I left the air­plane in the mid­dle of the lit­tle-trav­eled road — it seemed to me that it was most con­spic­u­ous there, and there­fore least likely to be hit — and hitched a ride to the near­est town. The first car to come along con­tained a trio of strait-laced Latina women; they de­lib­er­ated for some time about the pro­pri­ety of tak­ing an un­known man aboard, but fi­nally bought my story, for which I had, I thought, very con­vinc­ing ev­i­dence. In Dos Pa­los, I found a pi­lot who gave me 8 quarts of avi­a­tion oil and a ride back to the air­plane with some tools. We did a tem­po­rary re­pair to stanch the bleed­ing and stop the turbo from spin­ning with­out oil, and re­placed the lost oil in the en­gine; then my bene­fac­tor went on his way.

I’d been think­ing that I would fly down to the next air­port, Coalinga, and land to check the in­tegrity of the re­pair. But it was dusk now, and so I pushed the plane onto a bare patch be­side the road. I spent a starry night, some­times doz­ing in the cock­pit, some­times loung­ing on the wing, some­times chat­ting with pass­ing high­way pa­trol of­fi­cers who turned out to be pi­lots or with field work­ers who brought me a din­ner of can­taloupe mel­ons and salsa.

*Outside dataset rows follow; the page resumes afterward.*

lemma exp_of_nat_ge_pow: "(2718/1000) ^ k \<le> exp (real k)"
proof -
  have "(2718/1000 :: real) \<le> (\<Sum>k<7. 1 ^ k / fact k)"
    by (simp add: numeral_eq_Suc fact_numeral)
  also have "\<dots> \<le> exp 1"
    by (rule exp_ge_Taylor_sum) simp
  finally have "(2718/1000 :: real) ^ k \<le> exp 1 ^ k"
    by (intro power_mono) auto
  then show ?thesis
    by (simp flip: exp_of_nat_mult)
qed

text \<open>This is ln z >= 1 - 1/z for z = a / e^k.\<close>

lemma ln_ge_of_nat_sub_pow_div:
  fixes a :: real
  assumes "0 < a"
  shows "real k + 1 - (272/100) ^ k / a \<le> ln a"
proof -
  have "ln (exp (real k) / a) \<le> exp (real k) / a - 1"
    using assms by (intro ln_le_minus_one) simp
  then have "real k + 1 - exp (real k) / a \<le> ln a"
    using assms by (simp add: ln_div)
  moreover have "exp (real k) / a \<le> (272/100) ^ k / a"
    using assms exp_of_nat_le_pow by (intro divide_right_mono) auto
  ultimately show ?thesis
    by linarith
qed

lemma ln_20_bounds: "299/100 \<le> ln (20 :: real)" "ln (20 :: real) \<le> 3"
proof -
  have "real 3 + 1 - (272/100) ^ 3 / 20 \<le> ln (20 :: real)"
    by (rule ln_ge_of_nat_sub_pow_div) simp
  then show "299/100 \<le> ln (20 :: real)"
    by (simp add: power_divide)
  show "ln (20 :: real) \<le> 3"
    by (rule ln_le_of_le_Taylor_sum[where n = 10]) (simp_all add: numeral_eq_Suc fact_numeral)
qed

section \<open>The product of the primes up to n is at most 4^n\<close>

lemma binomial_odd_central_le_four_pow: "(2 * m + 1 choose m) \<le> 4 ^ m"
proof -
  have "(2 * m + 1 choose m) + (2 * m + 1 choose (m + 1)) = (\<Sum>k\<in>{m, m + 1}. 2 * m + 1 choose k)"
    by simp
  also have "\<dots> \<le> (\<Sum>k\<le>2 * m + 1. 2 * m + 1 choose k)"
    by (rule sum_mono2) auto
  also have "\<dots> = 2 ^ (2 * m + 1)"
    by (rule choose_row_sum)
  also have "\<dots> = 2 * 4 ^ m"
    by (simp add: power_add power_mult)
  finally show ?thesis
    using binomial_symmetric[of "m + 1" "2 * m + 1"] by simp
qed

lemma prod_primes_dvd_binomial:
  "\<Prod>{p::nat. prime p \<and> m + 1 < p \<and> p \<le> 2 * m + 1} dvd (2 * m + 1 choose m)"
proof -
  let ?P = "\<Prod>{p::nat. prime p \<and> m + 1 < p \<and> p \<le> 2 * m + 1}"
  have "?P dvd \<Prod>{m + 1 + 1..2 * m + 1}"
    by (intro prod_dvd_prod_subset) auto
  also have "\<Prod>{m + 1 + 1..2 * m + 1} = fact (2 * m + 1) div fact (m + 1)"
    by (rule fact_div_fact[symmetric]) simp
  also have "fact (2 * m + 1) = fact m * fact (m + 1) * (2 * m + 1 choose m)"
    using binomial_fact_lemma[of m "2 * m + 1"] by (simp add: Suc_diff_le)
  also have "\<dots> div fact (m + 1) = (2 * m + 1 choose m) * fact m"
    by simp
  finally have "?P dvd (2 * m + 1 choose m) * fact m" .
  moreover have "coprime ?P (fact m)"
    by (rule prod_coprime_left) (auto simp: prime_imp_coprime prime_dvd_fact_iff)
  ultimately show ?thesis
    by (simp add: coprime_dvd_mult_left_iff)
qed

I was back in Los An­ge­les by 10 the next morn­ing.

Good luck or bad? It’s usu­ally bad luck when part of an air­plane breaks, but that failed fit­ting had given me an un­com­monly in­ter­est­ing night, full of emo­tion and mystery and the slowly wheel­ing Milky Way and the kind­ness of strangers, a night I have never for­got­ten. That’s the et­y­mol­ogy of “ad­ven­ture” — some­thing that just comes to you, un­in­vited.

Some­times luck is pre­cisely tar­geted — some­thing unusual that ar­rives just when it’s needed. One of those strokes of luck prob­a­bly saved my life. It was dur­ing a pe­riod of ill-ad­vised ex­per­i­men­ta­tion with my first home­built. For some rea­son I got the idea I ought to mute the ex­haust, and I built two muf­flers con­sist­ing of con­cen­tric tubes, the in­ner one per­fo­rated, with fiber­glass pack­ing be­tween them. I slung them un­der­neath the belly, con­nected to the ex­haust pipes by short lengths of spi­ral-wound flex­i­ble stain­less-steel tub­ing.

They were made of alu­minum be­cause I had been told on good au­thor­ity that the gases leav­ing the ex­haust were 500 de­grees Fahren­heit or so, which alu­minum could tol­er­ate. But that was for an open pipe. I failed to con­sider that en­clos­ing the flow in muf­flers might raise its tem­per­a­ture con­sid­er­ably.

And so it did. I was at about 300 feet over a land­scape of rail­road tracks, power lines, trucks and cars when there was a loud thud and the en­gine lost power. But there was still a lit­tle left. I limped around the pat­tern with­out gain­ing an­other inch of alti­tude. As I turned base, smoke be­gan ris­ing from the right side of the cabin floor. By the time I was on the ground, it was get­ting hard to breathe.

What had hap­pened was that my muf­flers had lasted about half a minute be­fore col­laps­ing into solid plugs of crum­pled alu­minum and glass fiber. Not a wisp of gas could get through them. But the flex­i­ble steel link on the right side had cracked — or maybe it al­ready had a crack — and just enough ex­haust leaked from that crack to keep the three cylin­ders on the right side of the en­gine work­ing. The jet of ex­haust gas from the crack burned a hole in the cabin floor.

It’s said that luck fa­vors the pre­pared, but some­times luck just fa­vors the stupid.

From the re­porter’s per­spec­tive, I had sur­vived an oc­cur­rence so re­li­ably fa­tal that I was lucky just to be talk­ing to him.

A ques­tion worth pon­der­ing: Is it luck­ier to sur­vive a plane wreck or not to have one in the first place?